While moving in together with your significant other is a huge and exciting milestone, the actual moving in part can be less than exciting if you don’t spend a little time doing a little planning ahead of time. You both have stuff—and probably lots of it—and before you can achieve cohabitational bliss, you need to decide what goes, what stays, and how you’re going to combine it all when you get to your new space.

Booking Bellhops is a great first step, but there’s a whole lot more to consider when combining your lives.

For the next few weeks, we’ll go room to room, offering tips on how you and your partner can work together to make your stuff work together for (both of) you. For this first post, we’ll start with the kitchen. After all, you’ll probably be hungry from all that moving, and, well, you’ll need to unpack your perishable food items before anything else. Before we focus on the new space, however, there are a couple of things you need to do before you leave the old one:

  • Take an inventory of all of your combined stuff—This might seem like an overwhelming task, but it will save you time when you start loading the truck. The goal is to have to move as few things as possible. Decide together which items you’ll keep, sell, chuck, or donate. When it comes to duplicate items, keep the ones that are in the best condition and get rid of the rest. When it comes time to start physically moving, start with your closets and storage areas. Chances are, there will be a lot of stuff in both that you can live without, and clearing it out quickly will motivate you to tackle the rest of your stuff.
  • Settle on a style—Come to an agreement on how you want your new place to look. Will each room feature items from both of you, or will one person’s style preferences win out? Sketch out a rough floor plan—including cabinets, doors, windows, kitchen island, radiators, etc.—to make sure you have room for everything you want to keep. Take pictures of the walls, too, to give you ideas on where put things, as well.

Once you’ve done those things, it’s time to start the moving in together process. And, as we’ve already mentioned, the kitchen is the best place to start. You’ll be spending a lot of time the kitchen, and much of that time, you’ll be sharing it with your significant other. A kitchen can get cluttered quickly, so it’s important to make sure everything has a home. Here are some tips for merging and purging:

Coffee mugs from the Bellhops article "Moving in Together, Part 1: Combining Your Kitchens"

1. APPLIANCES:
There’s no reason to have duplicate appliances unless you have an extra refrigerator or freezer, as well as a garage or basement to put it in. You’ll typically want to keep the newest/nicest/best of your mutual appliances, and sell or donate the others. (If either of you has been, say, dealing with a funky green stove, however, you might want to keep the units that match best color-wise, instead.) The proceeds from your duplicate appliance sales can come in very handy if you’re looking to buy smaller appliances or other kitchen items that neither of you currently own.

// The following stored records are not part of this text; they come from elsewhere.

(* Let $\mathbf{L}=\langle L,\leq,0,1\rangle$ be a totally ordered complete lattice (regarded as a Gödel algebra), let $\varphi$ be a formula of a first-order language $\mathcal{J}$ and let $\mathbf{M}$ be a finite $\mathbf{L}$-structure for $\mathcal{J}$. Let $f\colon L\to L$ be an order embedding with $f(0)=0$ and $f(1)=1$. Then $\mathcal{D}_{\mathbf{M},\varphi}\circ f=\mathcal{D}_{\mathbf{M}\circ f,\varphi}$, where $\mathbf{M}\circ f$ is the $\mathbf{L}$-structure with the same universe as $\mathbf{M}$ and $\mathbf{r}^{\mathbf{M}\circ f}=\mathbf{r}^{\mathbf{M}}\circ f$ for every relation symbol $\mathbf{r}$ of $\mathcal{J}$.
   Context: On $L$ define $a\rightarrow b=1$ if $a\leq b$ and $a\rightarrow b=b$ otherwise. A language $\mathcal{J}$ is a set of relation symbols with arities; $X$ is a countable set of object variables. Formulas: $\overline{0}$; $\mathbf{r}(x_1,\dots,x_n)$ for $n$-ary $\mathbf{r}$ and $x_i\in X$; $\varphi\wedge\psi$, $\varphi\Rightarrow\psi$; $(\forall x)\varphi$, $(\exists x)\varphi$. An $\mathbf{L}$-structure $\mathbf{M}$ consists of a non-empty universe $M$ and, for each $n$-ary $\mathbf{r}$, a map $\mathbf{r}^{\mathbf{M}}\colon M^n\to L$; it is finite if each $\mathbf{r}^{\mathbf{M}}$ takes a nonzero value on only finitely many arguments. For a valuation $v\colon X\to M$: $\|\overline{0}\|_{\mathbf{M},v}=0$, $\|\mathbf{r}(x_1,\dots,x_n)\|_{\mathbf{M},v}=\mathbf{r}^{\mathbf{M}}(v(x_1),\dots,v(x_n))$, $\|\varphi\wedge\psi\|=\inf\{\|\varphi\|,\|\psi\|\}$, $\|\varphi\Rightarrow\psi\|=\|\varphi\|\rightarrow\|\psi\|$, $\|(\forall x)\varphi\|_{\mathbf{M},v}=\inf\{\|\varphi\|_{\mathbf{M},w};\ w=_x v\}$, $\|(\exists x)\varphi\|_{\mathbf{M},v}=\sup\{\|\varphi\|_{\mathbf{M},w};\ w=_x v\}$, where $w=_x v$ means $w$ agrees with $v$ except possibly at $x$. If the free variables of $\varphi$ are $x_1,\dots,x_n$ and $R=\{x_1,\dots,x_n\}$ (used as attributes with values in $M$), $\mathcal{D}_{\mathbf{M},\varphi}$ is the map on tuples $r\colon R\to M$ given by $\mathcal{D}_{\mathbf{M},\varphi}(r)=\|\varphi\|_{\mathbf{M},v}$ for any valuation $v$ with $v(x_i)=r(x_i)$ for all $i$. For a map $g$ into $L$, $g\circ f$ denotes $x\mapsto f(g(x))$. $f$ is an order embedding if $a\leq b\iff f(a)\leq f(b)$. *)

theory Defs
  imports "HOL-Library.FuncSet"
begin

definition gimp :: "'l::complete_linorder \<Rightarrow> 'l \<Rightarrow> 'l" where
  "gimp a b = (if a \<le> b then top else b)"

type_synonym var = nat

datatype 'r fm =
    FBot
  | FRel 'r "var list"
  | FAnd "'r fm" "'r fm"
  | FImp "'r fm" "'r fm"
  | FAll var "'r fm"
  | FEx var "'r fm"

fun wf_fm :: "('r \<Rightarrow> nat) \<Rightarrow> 'r fm \<Rightarrow> bool" where
  "wf_fm ar FBot = True"
| "wf_fm ar (FRel r xs) = (length xs = ar r)"
| "wf_fm ar (FAnd p q) = (wf_fm ar p \<and> wf_fm ar q)"
| "wf_fm ar (FImp p q) = (wf_fm ar p \<and> wf_fm ar q)"
| "wf_fm ar (FAll x p) = wf_fm ar p"
| "wf_fm ar (FEx x p) = wf_fm ar p"

fun fv :: "'r fm \<Rightarrow> var set" where
  "fv FBot = {}"
| "fv (FRel r xs) = set xs"
| "fv (FAnd p q) = fv p \<union> fv q"
| "fv (FImp p q) = fv p \<union> fv q"
| "fv (FAll x p) = fv p - {x}"
| "fv (FEx x p) = fv p - {x}"

text \<open>An L-structure: universe M (non-empty) and interpretation I of relation
  symbols as maps from n-tuples (lists of length ar r) over M into L.\<close>
definition is_structure :: "('r \<Rightarrow> nat) \<Rightarrow> 'm set \<Rightarrow> ('r \<Rightarrow> 'm list \<Rightarrow> 'l) \<Rightarrow> bool" where
  "is_structure ar M I \<longleftrightarrow> M \<noteq> {}"

definition finite_structure ::
  "('r \<Rightarrow> nat) \<Rightarrow> 'm set \<Rightarrow> ('r \<Rightarrow> 'm list \<Rightarrow> 'l::complete_linorder) \<Rightarrow> bool" where
  "finite_structure ar M I \<longleftrightarrow> is_structure ar M I \<and>
     (\<forall>r. finite {xs. xs \<in> lists M \<and> length xs = ar r \<and> I r xs \<noteq> bot})"

fun eval :: "'m set \<Rightarrow> ('r \<Rightarrow> 'm list \<Rightarrow> 'l::complete_linorder) \<Rightarrow> (var \<Rightarrow> 'm) \<Rightarrow> 'r fm \<Rightarrow> 'l" where
  "eval M I v FBot = bot"
| "eval M I v (FRel r xs) = I r (map v xs)"
| "eval M I v (FAnd p q) = inf (eval M I v p) (eval M I v q)"
| "eval M I v (FImp p q) = gimp (eval M I v p) (eval M I v q)"
| "eval M I v (FAll x p) = (INF a\<in>M. eval M I (v(x := a)) p)"
| "eval M I v (FEx x p) = (SUP a\<in>M. eval M I (v(x := a)) p)"

text \<open>The relation D_{M,phi}: tuples are maps r : fv phi -> M (extensional),
  value is the truth value under any valuation into M extending r.\<close>
definition Drel :: "'m set \<Rightarrow> ('r \<Rightarrow> 'm list \<Rightarrow> 'l::complete_linorder) \<Rightarrow> 'r fm \<Rightarrow> (var \<Rightarrow> 'm) \<Rightarrow> 'l" where
  "Drel M I \<phi> t = eval M I (SOME v. v \<in> UNIV \<rightarrow> M \<and> (\<forall>x\<in>fv \<phi>. v x = t x)) \<phi>"

definition order_embedding :: "('l::order \<Rightarrow> 'l) \<Rightarrow> bool" where
  "order_embedding f \<longleftrightarrow> (\<forall>a b. a \<le> b \<longleftrightarrow> f a \<le> f b)"

end

theory Submission
  imports Defs
begin

text \<open>Over a finite structure a well-formed formula takes only finitely many truth values:
  an atom is either bottom or one of the finitely many nonzero values of its relation, and the
  connectives and quantifiers combine finitely many values. (Well-formedness matters, since
  finiteness only restricts tuples of the right arity.) Hence every infimum and supremum arising
  from a quantifier is attained, i.e. a minimum or maximum, and a monotone f commutes with it.
  An order embedding fixing top also commutes with the Goedel implication, so f commutes with
  the truth value of every formula, by induction on the formula.\<close>

lemma order_embedding_imp_mono: "order_embedding f \<Longrightarrow> mono f"
  by (simp add: order_embedding_def monoI)

lemma order_embedding_gimp:
  assumes "order_embedding f" and "f top = top"
  shows "f (gimp a b) = gimp (f a) (f b)"
  using assms by (simp add: order_embedding_def gimp_def)

lemma Inf_in_finite:
  fixes A :: "'a::complete_linorder set"
  shows "finite A \<Longrightarrow> A \<noteq> {} \<Longrightarrow> Inf A \<in> A"
  by (simp add: cInf_eq_Min)

lemma Sup_in_finite:
  fixes A :: "'a::complete_linorder set"
  shows "finite A \<Longrightarrow> A \<noteq> {} \<Longrightarrow> Sup A \<in> A"
  by (simp add: cSup_eq_Max)

lemma mono_Inf_attained:
  fixes f :: "'a::complete_lattice \<Rightarrow> 'b::complete_lattice"
  assumes "mono f" and "Inf A \<in> A"
  shows "f (Inf A) = (INF x\<in>A. f x)"
  by (rule antisym) (use assms mono_Inf in \<open>auto intro: INF_lower\<close>)

lemma mono_Sup_attained:
  fixes f :: "'a::complete_lattice \<Rightarrow> 'b::complete_lattice"
  assumes "mono f" and "Sup A \<in> A"
  shows "f (Sup A) = (SUP x\<in>A. f x)"
  by (rule antisym) (use assms mono_Sup in \<open>auto intro: SUP_upper\<close>)

definition truth_values :: "'m set \<Rightarrow> ('r \<Rightarrow> 'm list \<Rightarrow> 'l::complete_linorder) \<Rightarrow> 'r fm \<Rightarrow> 'l set" where
  "truth_values M I p = (\<lambda>v. eval M I v p) ` (UNIV \<rightarrow> M)"

lemma finite_truth_values:
  assumes "finite_structure ar M I" and "wf_fm ar p"
  shows "finite (truth_values M I p)"
  using assms(2)
proof (induction p)
  case FBot
  show ?case by (rule finite_subset[of _ "{bot}"]) (auto simp: truth_values_def)
next
  case (FRel r xs)
  let ?nonbot = "{ys. ys \<in> lists M \<and> length ys = ar r \<and> I r ys \<noteq> bot}"
  have "truth_values M I (FRel r xs) \<subseteq> insert bot (I r ` ?nonbot)"
    using FRel.prems by (force simp: truth_values_def Pi_iff)
  moreover have "finite ?nonbot"
    using assms(1) by (simp add: finite_structure_def)
  ultimately show ?case by (meson finite_imageI finite_insert finite_subset)
next
  case (FAnd p q)
  have "truth_values M I (FAnd p q) \<subseteq> (\<lambda>(a, b). inf a b) ` (truth_values M I p \<times> truth_values M I q)"
    by (auto simp: truth_values_def)
  moreover have "finite (truth_values M I p \<times> truth_values M I q)"
    using FAnd by simp
  ultimately show ?case by (meson finite_imageI finite_subset)
next
  case (FImp p q)
  have "truth_values M I (FImp p q) \<subseteq> (\<lambda>(a, b). gimp a b) ` (truth_values M I p \<times> truth_values M I q)"
    by (auto simp: truth_values_def)
  moreover have "finite (truth_values M I p \<times> truth_values M I q)"
    using FImp by simp
  ultimately show ?case by (meson finite_imageI finite_subset)
next
  case (FAll x p)
  have "truth_values M I (FAll x p) \<subseteq> Inf ` Pow (truth_values M I p)"
    by (auto simp: truth_values_def Pi_iff)
  with FAll show ?case by (simp add: finite_subset)
next
  case (FEx x p)
  have "truth_values M I (FEx x p) \<subseteq> Sup ` Pow (truth_values M I p)"
    by (auto simp: truth_values_def Pi_iff)
  with FEx show ?case by (simp add: finite_subset)
qed

lemma finite_structure_nonempty: "finite_structure ar M I \<Longrightarrow> M \<noteq> {}"
  by (simp add: finite_structure_def is_structure_def)

lemma finite_quantifier_range:
  assumes "finite_structure ar M I" and "wf_fm ar p" and "v \<in> UNIV \<rightarrow> M"
  shows "finite ((\<lambda>a. eval M I (v(x := a)) p) ` M)"
proof (rule finite_subset)
  show "(\<lambda>a. eval M I (v(x := a)) p) ` M \<subseteq> truth_values M I p"
    using assms(3) by (auto simp: truth_values_def Pi_iff)
  show "finite (truth_values M I p)"
    using assms(1,2) by (rule finite_truth_values)
qed

lemma eval_comp_order_embedding:
  assumes fin: "finite_structure ar M I" and emb: "order_embedding f"
    and "f bot = bot" and "f top = top"
    and "wf_fm ar p" and "v \<in> UNIV \<rightarrow> M"
  shows "f (eval M I v p) = eval M (\<lambda>r xs. f (I r xs)) v p"
  using assms(5,6)
proof (induction p arbitrary: v)
  case FBot
  then show ?case using \<open>f bot = bot\<close> by simp
next
  case (FRel r xs)
  then show ?case by simp
next
  case (FAnd p q)
  have "f (inf a b) = inf (f a) (f b)" for a b
    using min_of_mono[OF order_embedding_imp_mono[OF emb]] by (simp add: inf_min)
  with FAnd show ?case by simp
next
  case (FImp p q)
  then show ?case using order_embedding_gimp[OF emb \<open>f top = top\<close>] by simp
next
  case (FAll x p)
  let ?e = "\<lambda>a. eval M I (v(x := a)) p"
  have "Inf (?e ` M) \<in> ?e ` M"
  proof (rule Inf_in_finite)
    show "finite (?e ` M)"
      using FAll.prems by (intro finite_quantifier_range[OF fin]) auto
    show "?e ` M \<noteq> {}"
      using finite_structure_nonempty[OF fin] by simp
  qed
  then have "f (INF a\<in>M. ?e a) = (INF a\<in>M. f (?e a))"
    using mono_Inf_attained[OF order_embedding_imp_mono[OF emb]] by (simp add: image_image)
  also have "\<dots> = (INF a\<in>M. eval M (\<lambda>r xs. f (I r xs)) (v(x := a)) p)"
  proof (rule INF_cong)
    fix a assume "a \<in> M"
    with FAll.prems have "wf_fm ar p" and "v(x := a) \<in> UNIV \<rightarrow> M" by auto
    then show "f (?e a) = eval M (\<lambda>r xs. f (I r xs)) (v(x := a)) p" by (rule FAll.IH)
  qed simp
  finally show ?case by simp
next
  case (FEx x p)
  let ?e = "\<lambda>a. eval M I (v(x := a)) p"
  have "Sup (?e ` M) \<in> ?e ` M"
  proof (rule Sup_in_finite)
    show "finite (?e ` M)"
      using FEx.prems by (intro finite_quantifier_range[OF fin]) auto
    show "?e ` M \<noteq> {}"
      using finite_structure_nonempty[OF fin] by simp
  qed
  then have "f (SUP a\<in>M. ?e a) = (SUP a\<in>M. f (?e a))"
    using mono_Sup_attained[OF order_embedding_imp_mono[OF emb]] by (simp add: image_image)
  also have "\<dots> = (SUP a\<in>M. eval M (\<lambda>r xs. f (I r xs)) (v(x := a)) p)"
  proof (rule SUP_cong)
    fix a assume "a \<in> M"
    with FEx.prems have "wf_fm ar p" and "v(x := a) \<in> UNIV \<rightarrow> M" by auto
    then show "f (?e a) = eval M (\<lambda>r xs. f (I r xs)) (v(x := a)) p" by (rule FEx.IH)
  qed simp
  finally show ?case by simp
qed

lemma Drel_eq_eval:
  assumes "M \<noteq> {}" and "t \<in> fv \<phi> \<rightarrow> M"
  obtains v where "v \<in> UNIV \<rightarrow> M" and "\<And>I. Drel M I \<phi> t = eval M I v \<phi>"
proof
  let ?P = "\<lambda>v. v \<in> UNIV \<rightarrow> M \<and> (\<forall>x\<in>fv \<phi>. v x = t x)"
  obtain m where "m \<in> M" using assms(1) by blast
  then have "?P (\<lambda>x. if x \<in> fv \<phi> then t x else m)" using assms(2) by auto
  then have "?P (SOME v. ?P v)" by (rule someI[of ?P])
  then show "(SOME v. ?P v) \<in> UNIV \<rightarrow> M" by (rule conjunct1)
  show "Drel M I \<phi> t = eval M I (SOME v. ?P v) \<phi>" for I by (simp add: Drel_def)
qed

theorem corollary8:
  fixes ar :: "'r \<Rightarrow> nat"
    and M :: "'m set"
    and I :: "'r \<Rightarrow> 'm list \<Rightarrow> 'l::complete_linorder"
    and \<phi> :: "'r fm"
    and f :: "'l \<Rightarrow> 'l"
  assumes "wf_fm ar \<phi>"
    and "finite_structure ar M I"
    and "order_embedding f"
    and "f bot = bot" and "f top = top"
  shows "\<forall>t \<in> fv \<phi> \<rightarrow>\<^sub>E M.
           f (Drel M I \<phi> t) = Drel M (\<lambda>r xs. f (I r xs)) \<phi> t"
proof
  fix t assume t: "t \<in> fv \<phi> \<rightarrow>\<^sub>E M"
  have "M \<noteq> {}"
    using assms(2) by (rule finite_structure_nonempty)
  moreover have "t \<in> fv \<phi> \<rightarrow> M"
    using t by (simp add: PiE_def)
  ultimately obtain v where v: "v \<in> UNIV \<rightarrow> M"
    and Drel: "\<And>J :: 'r \<Rightarrow> 'm list \<Rightarrow> 'l. Drel M J \<phi> t = eval M J v \<phi>"
    by (rule Drel_eq_eval) (rule that)
  show "f (Drel M I \<phi> t) = Drel M (\<lambda>r xs. f (I r xs)) \<phi> t"
    using eval_comp_order_embedding[OF assms(2-5,1) v] by (simp only: Drel)
qed

end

2. GLASSES, DISHES, AND SILVERWARE:
Moving in together with boxes filled with glasses, dishes, and silverware can get heavy quickly. Take this opportunity to pare down your collection before you load up the truck. Get rid of your random, non-matching pieces in favor of matching sets. Keep only the nicest cooking utensils, measuring cups, etc.. Two sets of everyday bowls and dishes, as well as one set of nice dishes for entertaining, will suffice. Hold on to a few sets of matching glasses and mugs, and try to limit the number of travel mugs, water bottles, and other oddball cups to a small cabinet.

3. POTS AND PANS:
When it comes to pots and pans, function comes first. While you ideally want to keep the best quality pieces, you may also find that your combined collection contains various sizes of the same items, which can come in very handy. Find a convenient cabinet and establish (and stick to) a system for neatly storing your pots and pans from day one. If you quickly run out of space, consider installing a hanging pot rack above your stove or anywhere else you might have room. A kitchen island can provide additional pot and pan storage, as well.

4. THE PANTRY:
Dealing with the pantry can be an adventure when moving in together. First off, throw away any expired foods or boxes/bags that may have been open a little too long. Next, donate any duplicate or unused items that you don’t need. Pick up a few airtight storage containers for combining things like sugar, flour, pastas, dry pet food, and cereal. Spices can last awhile and travel well, so look for opportunities to combine those, too. (You can use the original spice bottles and/or jars they came in.) Many people store shopping bags, cleaning supplies, and other non-food items in their pantries, as well. Get rid of what you don’t need. Keep the nicest brooms and mops, and combine whatever else you can. For safety’s sake, opt for discarding or using up cleaning supplies instead of combining them.

5. THE FRIDGE:
We left this for last because it’s important to keep your cold items cold as long as possible. Just like you did in the pantry, get rid of all of your expired (and soon-to- be-expired) food items. If you’ve had meat or other items in your freezer for so long that they’ve because freezer burned or covered with ice, it’s probably OK to get rid of those, too. Depending on how far you need to go, it’s a good idea to transport your remaining cold items in a cooler or two. When you get to the new place, unload the cooler(s) before you do anything else.